Supplementary Information
The online version contains supplementary material available at 10.1186/s12874-024-02406-z.
Key messages
- Cardinality matching (CM) generally surpassed propensity score matching (PSM) in sample retention across most simulated scenarios.
- Despite CM retaining more sample, PSM gave slightly less biased treatment estimates, in most scenarios.
- Within cluster CM should not be used for data with small cluster sizes.
Supplementary Information
The online version contains supplementary material available at 10.1186/s12874-024-02406-z.
Introduction
Observational studies using routinely collected data from health and insurance registries are often used for comparative safety or effectiveness studies when randomized control trials are unfeasible or unethical [1, 2]. One key challenge for observational studies is the presence of residual confounding, arising from imbalances in patient, physician (e.g. surgeon), and hospital features [3] between treatment groups. This confounding can introduce bias in treatment effect estimation studies. Therefore, it is essential to apply statistical methods to balance the confounding covariates to avoid biased treatment estimates [4].

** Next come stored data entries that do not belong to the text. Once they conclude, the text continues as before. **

lemma sector_add_nonzero:
  assumes "0 < t" "t \<le> pi/2" "sector t z" "sector t w" "z \<noteq> 0"
  shows "z + w \<noteq> 0 \<and> \<bar>Arg (z + w)\<bar> < t"
proof -
  have "0 < Im (z * cis t) \<and> Im (z * cis (-t)) < 0"
    using Arg_in_sector_iff_Im assms by (simp add: sector_def)
  moreover have "0 \<le> Im (w * cis t) \<and> Im (w * cis (-t)) \<le> 0"
    using Arg_in_sector_iff_Im[of t w] assms by (cases "w = 0") (auto simp: sector_def)
  ultimately have Im: "0 < Im ((z + w) * cis t) \<and> Im ((z + w) * cis (-t)) < 0"
    by (simp add: distrib_right del: cis.sel)
  then have "z + w \<noteq> 0" by (metis Im_complex_of_real mult_zero_left of_real_0 order.irrefl)
  with Im show ?thesis using Arg_in_sector_iff_Im assms(1,2) by blast
qed

lemma sector_add:
  assumes "0 < t" "t \<le> pi/2" "sector t z" "sector t w"
  shows "sector t (z + w)"
  using sector_add_nonzero[OF assms] sector_add_nonzero[OF assms(1,2,4,3)]
  unfolding sector_def by (cases "z = 0"; cases "w = 0") (auto simp: add.commute)

lemma sector_add_eq_0_iff:
  assumes "0 < t" "t \<le> pi/2" "sector t z" "sector t w"
  shows "z + w = 0 \<longleftrightarrow> z = 0 \<and> w = 0"
  using sector_add_nonzero[OF assms] sector_add_nonzero[OF assms(1,2,4,3)]
  by (auto simp: add.commute)

lemma sector_mult:
  assumes "t \<le> pi/2" "sector t z" "sector t w"
  shows "sector (2 * t) (z * w)"
proof (cases "z = 0 \<or> w = 0")
  case False
  then have "\<bar>Arg z\<bar> < t" "\<bar>Arg w\<bar> < t" using assms by (auto simp: sector_def)
  moreover have "Arg (z * w) = Arg z + Arg w"
    by (rule Arg_times) (use calculation assms False in auto)
  ultimately show ?thesis by (simp add: sector_def abs_less_iff)
qed (auto simp: sector_def)

lemma sector_divide_pos:
  assumes "sector t z" "0 < r"
  shows "sector t (z / of_real r)"
  using assms by (auto simp: sector_def)

lemma sector_mono:
  assumes "sector t z" "t \<le> t'"
  shows "sector t' z"
  using assms by (auto simp: sector_def)

section \<open>Matrices indexed by a finite set\<close>

definition hermitian_on :: "'a set \<Rightarrow> ('a \<Rightarrow> 'a \<Rightarrow> complex) \<Rightarrow> bool" where
  "hermitian_on I M \<longleftrightarrow> (\<forall>i\<in>I. \<forall>j\<in>I. M i j = cnj (M j i))"

definition quad_form :: "'a set \<Rightarrow> ('a \<Rightarrow> 'a \<Rightarrow> complex) \<Rightarrow> ('a \<Rightarrow> complex) \<Rightarrow> complex" where
  "quad_form I M x = (\<Sum>i\<in>I. \<Sum>j\<in>I. cnj (x i) * M i j * x j)"

definition psd_on :: "'a set \<Rightarrow> ('a \<Rightarrow> 'a \<Rightarrow> complex) \<Rightarrow> bool" where
  "psd_on I M \<longleftrightarrow> hermitian_on I M \<and> (\<forall>x. 0 \<le> Re (quad_form I M x))"

definition irreducible_on :: "'a set \<Rightarrow> ('a \<Rightarrow> 'a \<Rightarrow> complex) \<Rightarrow> bool" where
  "irreducible_on I M \<longleftrightarrow>
     (\<forall>S. S \<subseteq> I \<longrightarrow> S \<noteq> {} \<longrightarrow> S \<noteq> I \<longrightarrow> (\<exists>i\<in>S. \<exists>j\<in>I - S. M i j \<noteq> 0))"

definition sector_offdiag :: "real \<Rightarrow> 'a set \<Rightarrow> ('a \<Rightarrow> 'a \<Rightarrow> complex) \<Rightarrow> bool" where
  "sector_offdiag t I M \<longleftrightarrow> (\<forall>i\<in>I. \<forall>j\<in>I. i \<noteq> j \<longrightarrow> sector t (- M i j))"

definition in_kernel :: "'a set \<Rightarrow> ('a \<Rightarrow> 'a \<Rightarrow> complex) \<Rightarrow> ('a \<Rightarrow> complex) \<Rightarrow> bool" where
  "in_kernel I M x \<longleftrightarrow> (\<forall>i\<in>I. (\<Sum>j\<in>I. M i j * x j) = 0)"

lemma quad_form_eq_sum_row:
  "quad_form I M x = (\<Sum>i\<in>I. cnj (x i) * (\<Sum>j\<in>I. M i j * x j))"
  unfolding quad_form_def by (simp add: sum_distrib_left mult.assoc)

lemma sum_two_point:
  fixes f :: "'a \<Rightarrow> 'b::comm_monoid_add"
  assumes "finite I" "k \<in> I" "j \<in> I" "k \<noteq> j" "\<And>i. i \<in> I \<Longrightarrow> i \<noteq> k \<Longrightarrow> i \<noteq> j \<Longrightarrow> f i = 0"
  shows "(\<Sum>i\<in>I. f i) = f k + f j"
proof -
  have "(\<Sum>i\<in>I. f i) = (\<Sum>i\<in>{k, j}. f i)"
    by (rule sum.mono_neutral_right) (use assms in auto)
  then show ?thesis using assms(4) by simp
qed

lemma quad_form_two_point:
  assumes "finite I" "k \<in> I" "j \<in> I" "k \<noteq> j"
  shows "quad_form I M (\<lambda>i. if i = k then 1 else if i = j then s else 0)
           = M k k + s * M k j + cnj s * M j k + cnj s * s * M j j"
proof -
  let ?x = "\<lambda>i. if i = k then 1 else if i = j then s else 0"
  have row: "(\<Sum>l\<in>I. M i l * ?x l) = M i k + s * M i j" for i
    by (subst sum_two_point[of I k j]) (use assms in auto)
  show ?thesis
    unfolding quad_form_eq_sum_row row
    by (subst sum_two_point[of I k j]) (use assms in \<open>auto simp: algebra_simps\<close>)
qed

lemma psd_on_diag_pos:
  assumes "finite I" "psd_on I M" "k \<in> I" "j \<in> I" "j \<noteq> k" "M k j \<noteq> 0"
  shows "M k k = of_real (Re (M k k)) \<and> 0 < Re (M k k)"
proof -
  have herm: "hermitian_on I M" and psd: "\<And>x. 0 \<le> Re (quad_form I M x)"
    using assms(2) by (auto simp: psd_on_def)
  have "Im (M k k) = 0"
    using herm assms(3) unfolding hermitian_on_def by (metis cnj.sel(2) neg_equal_zero)
  then have real: "M k k = of_real (Re (M k k))" by (simp add: complex_eq_iff)
  have M_jk: "M j k = cnj (M k j)" using herm assms(3,4) unfolding hermitian_on_def by blast
  define c where "c = (cmod (M k j))\<^sup>2"
  define b where "b = Re (M j j)"
  define r where "r = 1 / (\<bar>b\<bar> + 1)"
  have "0 < c" "0 < r" using assms(6) by (simp_all add: c_def r_def add_pos_nonneg)
  have "r * b < 1"
    using \<open>0 < r\<close> mult_left_mono[of b "\<bar>b\<bar>" r] by (simp add: r_def field_simps)
  \<comment> \<open>along \<open>x\<close> the entry \<open>M k j\<close> makes the form decrease to first order in \<open>r\<close>\<close>
  define x where "x = (\<lambda>i. if i = k then 1 else if i = j then - of_real r * cnj (M k j) else 0)"
  have "Re (quad_form I M x)
          = Re (M k k) - 2 * r * c + r * r * c * b"
    unfolding x_def quad_form_two_point[OF assms(1,3,4) assms(5)[symmetric]] M_jk c_def cmod_power2 b_def
    by (simp add: power2_eq_square algebra_simps)
  then have "r * c * (2 - r * b) \<le> Re (M k k)"
    using psd[of x] by (simp add: algebra_simps)
  moreover have "0 < r * c * (2 - r * b)"
    using \<open>0 < c\<close> \<open>0 < r\<close> \<open>r * b < 1\<close> by simp
  ultimately show ?thesis using real by simp
qed

section \<open>Schur complement\<close>

definition schur_complement :: "('a \<Rightarrow> 'a \<Rightarrow> complex) \<Rightarrow> 'a \<Rightarrow> 'a \<Rightarrow> 'a \<Rightarrow> complex" where
  "schur_complement M k i j = M i j - M i k * M k j / M k k"

lemma schur_complement_row_sum:
  "(\<Sum>j\<in>J. schur_complement M k i j * y j)
     = (\<Sum>j\<in>J. M i j * y j) - M i k * (\<Sum>j\<in>J. M k j * y j) / M k k"
  unfolding schur_complement_def
  by (simp add: sum_subtractf sum_distrib_left sum_divide_distrib algebra_simps)

lemma hermitian_on_schur_complement:
  assumes "hermitian_on I M" "k \<in> I" "M k k \<in> \<real>"
  shows "hermitian_on (I - {k}) (schur_complement M k)"
  unfolding hermitian_on_def
proof (intro ballI)
  fix i j assume "i \<in> I - {k}" "j \<in> I - {k}"
  then have "cnj (M j i) = M i j" "cnj (M j k) = M k j" "cnj (M k i) = M i k"
    using assms(1,2) unfolding hermitian_on_def by (metis DiffD1)+
  moreover have "cnj (M k k) = M k k" using assms(3) by (simp add: Reals_cnj_iff)
  ultimately show "schur_complement M k i j = cnj (schur_complement M k j i)"
    by (simp add: schur_complement_def mult.commute)
qed

lemma schur_complement_pivot_row:
  assumes "M k k \<noteq> 0"
  shows "schur_complement M k k j = 0"
  using assms by (simp add: schur_complement_def)

text \<open>The value chosen for \<open>x k\<close> annihilates row \<open>k\<close> of \<open>M x\<close>.\<close>
lemma quad_form_schur_complement:
  fixes y :: "'a \<Rightarrow> complex"
  assumes "finite I" "k \<in> I" "M k k \<noteq> 0"
  defines "x \<equiv> y(k := - (\<Sum>j\<in>I - {k}. M k j * y j) / M k k)"
  shows "quad_form I M x = quad_form (I - {k}) (schur_complement M k) y"
proof -
  have x: "x j = y j" if "j \<in> I - {k}" for j
    using that by (simp add: x_def)
  have row: "(\<Sum>j\<in>I. M i j * x j) = (\<Sum>j\<in>I - {k}. schur_complement M k i j * y j)" for i
  proof -
    have "(\<Sum>j\<in>I - {k}. M i j * x j) = (\<Sum>j\<in>I - {k}. M i j * y j)"
      by (rule sum.cong) (simp_all add: x)
    moreover have "x k = - (\<Sum>j\<in>I - {k}. M k j * y j) / M k k"
      by (simp add: x_def)
    ultimately show ?thesis
      by (simp add: sum.remove[OF assms(1,2), of "\<lambda>j. M i j * x j"] schur_complement_row_sum)
  qed
  have "quad_form I M x = (\<Sum>i\<in>I. cnj (x i) * (\<Sum>j\<in>I - {k}. schur_complement M k i j * y j))"
    by (simp add: quad_form_eq_sum_row row)
  also have "\<dots> = (\<Sum>i\<in>I - {k}. cnj (y i) * (\<Sum>j\<in>I - {k}. schur_complement M k i j * y j))"
    using assms(3) by (auto simp: sum.remove[OF assms(1,2)] schur_complement_pivot_row x intro!: sum.cong)
  also have "\<dots> = quad_form (I - {k}) (schur_complement M k) y"
    by (rule quad_form_eq_sum_row[symmetric])
  finally show ?thesis .
qed

lemma psd_on_schur_complement:
  assumes "finite I" "psd_on I M" "k \<in> I" "M k k \<noteq> 0" "M k k \<in> \<real>"
  shows "psd_on (I - {k}) (schur_complement M k)"
  unfolding psd_on_def
proof (intro conjI allI)
  show "hermitian_on (I - {k}) (schur_complement M k)"
    using assms(2,3,5) by (simp add: psd_on_def hermitian_on_schur_complement)
  show "0 \<le> Re (quad_form (I - {k}) (schur_complement M k) y)" for y
    using assms(2)
    by (simp add: psd_on_def flip: quad_form_schur_complement[where I=I and k=k and M=M, OF assms(1,3,4)])
qed

lemma in_kernel_schur_complement:
  assumes "finite I" "k \<in> I" "M k k \<noteq> 0" "in_kernel I M x"
  shows "x k = - (\<Sum>j\<in>I - {k}. M k j * x j) / M k k"
    and "in_kernel (I - {k}) (schur_complement M k) x"
proof -
  have row: "M i k * x k + (\<Sum>j\<in>I - {k}. M i j * x j) = 0" if "i \<in> I" for i
    using assms(4) that by (simp add: in_kernel_def sum.remove[OF assms(1,2)])
  show xk: "x k = - (\<Sum>j\<in>I - {k}. M k j * x j) / M k k"
    using row[OF assms(2)] assms(3) by (simp add: field_simps add_eq_0_iff)
  show "in_kernel (I - {k}) (schur_complement M k) x"
    unfolding in_kernel_def using row xk by (simp add: schur_complement_row_sum)
qed

lemma neg_schur_complement:
  "- schur_complement M k i j = - M i j + (- M i k) * (- M k j) / M k k"
  by (simp add: schur_complement_def)

text \<open>Both summands of \<open>- schur_complement M k i j\<close> lie in the doubled sector, which is still
  contained in the right half plane, so they cannot cancel.\<close>
lemma sector_schur_complement_summands:
  assumes "sector_offdiag t I M" "0 < t" "2 * t \<le> pi/2" "k \<in> I" "M k k = of_real d" "0 < d"
    and "i \<in> I - {k}" "j \<in> I - {k}" "i \<noteq> j"
  shows "sector (2 * t) (- M i j)" and "sector (2 * t) ((- M i k) * (- M k j) / M k k)"
proof -
  have "sector t (- M i j)" "sector t (- M i k)" "sector t (- M k j)"
    using assms(1,4,7-9) unfolding sector_offdiag_def by auto
  moreover have "t \<le> pi/2" using assms(2,3) by simp
  ultimately have "sector (2 * t) ((- M i k) * (- M k j))"
    by (intro sector_mult)
  then show "sector (2 * t) ((- M i k) * (- M k j) / M k k)"
    unfolding assms(5) using assms(6) by (rule sector_divide_pos)
  show "sector (2 * t) (- M i j)"
    using sector_mono[OF \<open>sector t (- M i j)\<close>, of "2 * t"] assms(2) by simp
qed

Propensity score matching (PSM) [5, 6] is a widely used method used in practice to balance the confounders between treatment groups in observational studies. However, PSM does not always ensure the desired balance on the original covariates or give good sample retention. These limitations can lead to bias and higher standard error for the estimation of treatment effects [7, 8]. In response, cardinality matching (CM) has been proposed as a novel method to address these issues [9]. CM uses integer programming [10, 11] to identify the largest matched sample that satisfies pre-established criteria for covariate balance. Unlike PSM, which achieves covariates balance through matching on the propensity scores, CM matches directly on the original covariates [12]. While several studies have demonstrated the advantage of CM over PSM in terms of covariate balance and sample retention [9, 13, 14], its application in observational studies with cluster-level confounding, particularly common in medical device and surgical epidemiology studies [15], has not been extensively explored. In these studies, factors such as surgeon experience and the hospital setting can influence both treatment allocation and outcomes [16].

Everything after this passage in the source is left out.